Quit Your Day Job: Shinedown.
Airline radio will outlast newspapers.
Red-eye flights are the only sensible way to fly cross-country eastbound, as you can easily lose a day with the time change (4-6 hours + 2-3 hours). I'd rather lose sleep than time.
My red-eye flight flew parallel to an electrical storm. 'Twas a neat sight.
Idea: GPS Air. Replace a commercial airplane's inner window panes with transparent projection screens on which passengers can overlay a map to see exactly what they're currently flying over.
What is that lit area below?
My middle-aged Indian taxi driver's mobile rang.
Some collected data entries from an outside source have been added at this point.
lemma dominated_linear_graph_extend:
  assumes p: "sublinear p" and G: "dominated_linear_graph p G"
    and c: "\<And>s a. (s, a) \<in> G \<Longrightarrow> a - p (s - y) \<le> c \<and> c \<le> p (s + y) - a"
  shows "dominated_linear_graph p {(s + t *\<^sub>R y, a + t * c) | s a t. (s, a) \<in> G}"
    (is "dominated_linear_graph p ?G'")
  unfolding dominated_linear_graph_def
proof (intro conjI allI impI)
  fix x a z b assume "(x, a) \<in> ?G'" "(z, b) \<in> ?G'"
  then obtain s1 a1 t1 s2 a2 t2 where h: "(s1, a1) \<in> G" "(s2, a2) \<in> G"
    "x = s1 + t1 *\<^sub>R y" "a = a1 + t1 * c" "z = s2 + t2 *\<^sub>R y" "b = a2 + t2 * c"
    by blast
  have "(s1 + s2, a1 + a2) \<in> G" using G h(1,2) unfolding dominated_linear_graph_def by blast
  moreover have "x + z = (s1 + s2) + (t1 + t2) *\<^sub>R y" "a + b = (a1 + a2) + (t1 + t2) * c"
    using h by (simp_all add: algebra_simps)
  ultimately show "(x + z, a + b) \<in> ?G'" by blast
next
  fix x a k assume "(x, a) \<in> ?G'"
  then obtain s1 a1 t1 where h: "(s1, a1) \<in> G" "x = s1 + t1 *\<^sub>R y" "a = a1 + t1 * c"
    by blast
  have "(k *\<^sub>R s1, k * a1) \<in> G" using G h(1) unfolding dominated_linear_graph_def by blast
  moreover have "k *\<^sub>R x = k *\<^sub>R s1 + (k * t1) *\<^sub>R y" "k * a = k * a1 + (k * t1) * c"
    using h by (simp_all add: algebra_simps)
  ultimately show "(k *\<^sub>R x, k * a) \<in> ?G'" by blast
next
  fix x a assume "(x, a) \<in> ?G'"
  then show "a \<le> p x" using dominated_linear_graph_extension_le[OF p G _ c] by blast
qed

theorem Hahn_Banach_dominated_extension:
  assumes p: "sublinear p" and G0: "dominated_linear_graph p G0" "G0 \<noteq> {}"
  obtains L where "linear L" "\<And>x. L x \<le> p x" "\<And>x a. (x, a) \<in> G0 \<Longrightarrow> L x = a"
proof -
  define \<A> where "\<A> = {G. G0 \<subseteq> G \<and> dominated_linear_graph p G}"
  have "\<exists>M\<in>\<A>. \<forall>X\<in>\<A>. M \<subseteq> X \<longrightarrow> X = M"
  proof (rule subset_Zorn_nonempty)
    show "\<A> \<noteq> {}" using G0 by (auto simp: \<A>_def)
  next
    fix \<C> assume "\<C> \<noteq> {}" "subset.chain \<A> \<C>"
    then have "\<C> \<subseteq> \<A>" "\<And>G H. G \<in> \<C> \<Longrightarrow> H \<in> \<C> \<Longrightarrow> G \<subseteq> H \<or> H \<subseteq> G"
      unfolding subset.chain_def by auto
    then have "G0 \<subseteq> \<Union>\<C>" "dominated_linear_graph p (\<Union>\<C>)"
      using \<open>\<C> \<noteq> {}\<close> dominated_linear_graph_Union[of \<C> p] unfolding \<A>_def by blast+
    then show "\<Union>\<C> \<in> \<A>" unfolding \<A>_def by blast
  qed
  then obtain M where M: "dominated_linear_graph p M" "G0 \<subseteq> M"
    and max: "\<And>X. dominated_linear_graph p X \<Longrightarrow> M \<subseteq> X \<Longrightarrow> X = M"
    unfolding \<A>_def by auto
  have unique: "a = b" if "(x, a) \<in> M" "(x, b) \<in> M" for x a b
    using dominated_linear_graph_functional[OF sublinear_zero[OF p] M(1) that] .
  have total: "\<exists>a. (y, a) \<in> M" for y
  proof -
    obtain c where c: "\<And>s a. (s, a) \<in> M \<Longrightarrow> a - p (s - y) \<le> c \<and> c \<le> p (s + y) - a"
      using dominated_linear_graph_extension_value[OF p M(1)] M(2) G0(2) by blast
    define M' where "M' = {(s + t *\<^sub>R y, a + t * c) | s a t. (s, a) \<in> M}"
    have "(s + 0 *\<^sub>R y, a + 0 * c) \<in> M'" if "(s, a) \<in> M" for s a
      unfolding M'_def using that by blast
    then have "M \<subseteq> M'" by auto
    moreover have "dominated_linear_graph p M'"
      unfolding M'_def by (rule dominated_linear_graph_extend[OF p M(1) c])
    ultimately have "M' = M" by (rule max[rotated])
    obtain s a where "(s, a) \<in> M" using M(2) G0(2) by auto
    then have "(0 *\<^sub>R s, 0 * a) \<in> M" using M(1) unfolding dominated_linear_graph_def by blast
    then have "(0, 0) \<in> M" by simp
    then have "(0 + 1 *\<^sub>R y, 0 + 1 * c) \<in> M'" unfolding M'_def by blast
    then show ?thesis using \<open>M' = M\<close> by auto
  qed
  define L where "L x = (SOME a. (x, a) \<in> M)" for x
  have LM: "(x, L x) \<in> M" for x unfolding L_def using total by (rule someI_ex)
  have "linear L"
  proof (rule linearI)
    fix x y r
    have "(x + y, L x + L y) \<in> M" "(r *\<^sub>R x, r * L x) \<in> M"
      using M(1) LM[of x] LM[of y] unfolding dominated_linear_graph_def by blast+
    then show "L (x + y) = L x + L y" "L (r *\<^sub>R x) = r *\<^sub>R L x"
      using unique LM by auto
  qed
  moreover have "L x \<le> p x" for x using M(1) LM unfolding dominated_linear_graph_def by blast
  moreover have "L x = a" if "(x, a) \<in> G0" for x a using unique LM M(2) that by blast
  ultimately show ?thesis using that by blast
qed

lemma sublinear_dominating_functional:
  assumes p: "sublinear p" and nonneg: "\<And>x. 0 \<le> p x" and "1 \<le> p x0"
  obtains L where "linear L" "L x0 = 1" "\<And>x. L x \<le> p x"
proof -
  define G0 where "G0 = {(t *\<^sub>R x0, t) | t. True}"
  have "t \<le> p (t *\<^sub>R x0)" for t
  proof (cases "0 < t")
    case True
    then show ?thesis using p \<open>1 \<le> p x0\<close> unfolding sublinear_def by (simp add: mult_le_cancel_left1)
  next
    case False
    then show ?thesis using nonneg[of "t *\<^sub>R x0"] by linarith
  qed
  then have "dominated_linear_graph p G0"
    unfolding dominated_linear_graph_def G0_def by (auto simp: scaleR_add_left)
  moreover have "G0 \<noteq> {}" "(x0, 1) \<in> G0" unfolding G0_def by (auto intro: exI[of _ 1])
  ultimately show ?thesis using Hahn_Banach_dominated_extension[OF p] that by metis
qed

definition absorbing :: "'a::real_vector set \<Rightarrow> bool" where
  "absorbing W \<longleftrightarrow> (\<forall>x. \<exists>s>0. s *\<^sub>R x \<in> W)"

text \<open>Only meaningful for absorbing \<open>W\<close>: otherwise the infimum may be taken over the empty set.\<close>

definition minkowski_gauge :: "'a::real_vector set \<Rightarrow> 'a \<Rightarrow> real" where
  "minkowski_gauge W x = Inf {t. 0 < t \<and> (1/t) *\<^sub>R x \<in> W}"

lemma minkowski_gauge_set_nonempty:
  assumes "absorbing W" shows "{t. 0 < t \<and> (1/t) *\<^sub>R x \<in> W} \<noteq> {}"
proof -
  obtain s where "0 < s" "s *\<^sub>R x \<in> W" using assms unfolding absorbing_def by blast
  then have "1/s \<in> {t. 0 < t \<and> (1/t) *\<^sub>R x \<in> W}" by simp
  then show ?thesis by blast
qed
"You're hot then you're cold, you're yes then you're no…"
I can't believe this terminal corridor has an indoor train in addition to moving walkways. It's like riding an elevator to the second floor of a building. Lazy!
Oh man… This is longer than Sky Harbour! Why are all the gates for west-coast-bound flights located at the very end?"
"Enjoy Boingo access anywhere in the airport for a full 24 hours."
24 hours in an airport? That might be reasonable during winter…
Free wi-fi should be standard in airports.
Instead of paying for internet, I people-watched.
"Why is he walking so oddly?"
"Both of his big toes were amputated, so he has to secure flip-flops between his index and middle toes."
5 footlong? Oh and an arrow pointing to his crotch. HI-larious!
Google returns variant shirts that read "$5 footlong."
Would you rather openly declare that your penis may impale sexual partners or that you are a bargain gigolo?
What do you think is the fattest air travel route in America? It's definitely a Southwest route.